The NCAA cries foul! Mayo and Melo in hot water
I understand that college athletes have it rough. Especially the blue-chip major-college level athletes. I mean athletes-only housing, the top-notch practice facilities and gear, travel to away games via charter jet or luxury bus. ‘Round-the-clock tutoring and academic advising, yeah it’s tough bein’ the big man on campus.
So what does OJ Mayo - your average No. 1 high school recruit, burgeoning marketing machine, freshman phenom of the USC Trojans to do when he wants to take in a NBA game, kick back and get some much needed R and R? He gets a couple of tickets from NBA star Carmelo Anthony and ends up in hot water.
Give me a break! Doesn’t the NCAA have bigger fish to fry? I mean, isn’t an ex-Heisman Trophy winner under the microscope for taking cash, a car and a rent-free house for his family while his football team was on a national championship run? Is it just me or does the whole system seem out of whack on this one?

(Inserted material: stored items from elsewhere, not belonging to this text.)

lemma sprov_saturate:
  assumes "closed K" and "finite Y" and "Y \<subseteq> K" and "\<not> sprov P Y"
  shows "\<exists>X S. Y \<subseteq> S \<and> S \<subseteq> K \<and> X \<subseteq> S \<and> \<not> sprov P X \<and> (\<forall>F\<in>S. decomposed X S F)"
  using assms(2-4)
proof (induction "\<Sum>F\<in>Y. size F" arbitrary: Y rule: less_induct)
  case less
  show ?case
  proof (cases "\<exists>F\<in>Y. \<exists>B C. F = And B C \<or> F = Or B C")
    case True
    then obtain F B C where F: "F \<in> Y" "F = And B C \<or> F = Or B C"
      by blast
    then have "B \<in> K" "C \<in> K"
      using closed_And closed_Or assms(1) less.prems(2) by blast+
    obtain Z where Z: "Z \<subseteq> {B, C}" "(\<Sum>G\<in>Z. size G) < size F"
      "\<not> sprov P (Z \<union> (Y - {F}))" "\<And>X S. Z \<subseteq> S \<Longrightarrow> decomposed X S F"
      using sprov_decompose[OF less.prems(3) F] by blast
    have fin_Z: "finite Z"
      using Z(1) finite_subset by blast
    have "(\<Sum>G\<in>Z \<union> (Y - {F}). size G) \<le> (\<Sum>G\<in>Z. size G) + (\<Sum>G\<in>Y - {F}. size G)"
      using sum_Un_nat[OF fin_Z, of "Y - {F}" size] less.prems(1) by simp
    also have "\<dots> < (\<Sum>G\<in>Y. size G)"
      using Z(2) sum.remove[OF less.prems(1) F(1), of size] by simp
    finally have smaller: "(\<Sum>G\<in>Z \<union> (Y - {F}). size G) < (\<Sum>G\<in>Y. size G)" .
    have "finite (Z \<union> (Y - {F}))" and "Z \<union> (Y - {F}) \<subseteq> K"
      using fin_Z less.prems(1,2) Z(1) \<open>B \<in> K\<close> \<open>C \<in> K\<close> by auto
    then obtain X S where XS: "Z \<union> (Y - {F}) \<subseteq> S" "S \<subseteq> K" "X \<subseteq> S" "\<not> sprov P X"
      "\<forall>G\<in>S. decomposed X S G"
      using less.hyps[OF smaller _ _ Z(3)] by blast
    have "\<forall>G\<in>insert F S. decomposed X (insert F S) G"
      using XS(1,5) Z(4) decomposed_mono[of X S _ "insert F S"] by blast
    then show ?thesis
      using XS F(1) less.prems(2) by (intro exI[of _ X] exI[of _ "insert F S"]) auto
  next
    case False
    have "decomposed Y Y F" if "F \<in> Y" for F
      using False that by (cases F) auto
    then show ?thesis
      using less.prems by blast
  qed
qed

text \<open>A world of the countermodel consists of its inherited formulas, an unprovable shallow
  sequent (the core) and the saturation of the core, all of whose formulas are false there.\<close>

datatype world = World (inh: "fm set") (core: "fm set") (refuted: "fm set")

definition is_world :: "fm set \<Rightarrow> world \<Rightarrow> bool" where
  "is_world K w \<longleftrightarrow> inh w \<subseteq> refuted w \<and> core w \<subseteq> refuted w \<and> refuted w \<subseteq> K
     \<and> \<not> sprov (inh w) (core w) \<and> (\<forall>F\<in>refuted w. decomposed (core w) (refuted w) F)"

definition passed :: "world \<Rightarrow> fm set" where
  "passed w = inh w \<union> {B. Dia B \<in> core w}"

text \<open>The diamond witness makes \<open>passed\<close> grow strictly along the relation, which
  bounds chains by the size of the closure.\<close>

definition cm_rel :: "fm set \<Rightarrow> world \<Rightarrow> world \<Rightarrow> bool" where
  "cm_rel K w v \<longleftrightarrow> is_world K w \<and> is_world K v \<and> passed w \<subseteq> inh v
     \<and> (\<exists>B. Dia B \<in> core v \<and> B \<notin> passed w)"

definition cm_val :: "nat \<Rightarrow> world \<Rightarrow> bool" where
  "cm_val a w \<longleftrightarrow> NAt a \<in> refuted w"

lemma passed_subset: "closed K \<Longrightarrow> is_world K w \<Longrightarrow> passed w \<subseteq> K"
  unfolding is_world_def passed_def using closed_Dia by blast

lemma cm_rel_passed: "cm_rel K w v \<Longrightarrow> passed w \<subset> passed v"
  unfolding cm_rel_def passed_def by blast

lemma glframe_cm_rel:
  assumes "closed K" and "finite K"
  shows "glframe (cm_rel K)"
  unfolding glframe_def
proof
  show "transp (cm_rel K)"
  proof (rule transpI)
    fix u v w
    assume uv: "cm_rel K u v" and vw: "cm_rel K v w"
    then have "passed u \<subseteq> passed v"
      using cm_rel_passed by blast
    then show "cm_rel K u w"
      using uv vw unfolding cm_rel_def by blast
  qed
  have "{(v, w). cm_rel K w v} \<subseteq> measure (\<lambda>w. card (K - passed w))"
  proof clarsimp
    fix w v
    assume "cm_rel K w v"
    moreover have "passed v \<subseteq> K"
      using \<open>cm_rel K w v\<close> passed_subset[OF assms(1)] by (simp add: cm_rel_def)
    ultimately have "K - passed v \<subset> K - passed w"
      using cm_rel_passed by blast
    then show "card (K - passed v) < card (K - passed w)"
      using assms(2) by (simp add: psubset_card_mono)
  qed
  then show "wf {(v, w). cm_rel K w v}"
    using wf_subset wf_measure by blast
qed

It has long been thought that the NCAA is like the small town sheriff looking to bust locals driving 56 MPH in a 55 MPH zone while the cocky out-of-towner doing 90 gets away scott-free while Sheriff NCAA scrawls-out a meaningless ticket.
Mayo is now under investigation for improperly receiving benefits – a violation of NCAA policy and they are looking into the matter. What the NCAA will uncover during their probe is that Melo is as generous with tickets as Barry Bonds is as generous with being an ass. Melo is known for giving away tickets to friends, charities and even fans. It is common practice for Melo to dish free tickets even while on the road. It really came as no shock when a couple of free tickets for the Nuggets vs. Lakers game last week ended up in Mayo’s hands. So where is the improper benefit in that gesture? It was a basketball game, not a Lexus.
To make things right, the NCAA may have Mayo donate the $460 (face value of the pair of tickets) to charity. If this was any other freshman I would be even more outraged – I could scarcely afford the $460 per semester for books and scraping together an extra five bills would have killed me. Mayo on the other hand probably keeps $460 in the ash tray of his Range Rover, but that’s not the point of this diatribe.
I think that NCAA basketball picks what cases to pursue based on the profile of the athlete and how damaging the end result could be to the institution and the NCAA as a whole. Why didn’t the NCAA go after Bush while he was still on campus? You can’t tell me that it takes over two years after a guy leaves school to put a case together for rules violations. We are talking hundreds of thousands of dollars here and there has got to be a paper trail a mile long. I guess Mayo is an easier target. He’s flashy, marketable and practically recruited himself to USC. The NCAA has had their radar gun on him for a while.
Now some NCAA basketball expert picks the Mayo/Melo situation to investigate. Congrats! Now the NCAA can shout to the sports world “look, we caught this guy driving 36 MPH in a 35 MPH zone, and boy howdy is he gonna pay for it!”
Zoom, there goes Bush and his cohorts driving 90 MPH in their ill-gotten luxury car, changing lanes without signaling, talking on cell phones, one headlight missing and dragging the reputation of the Heisman Trophy along behind them.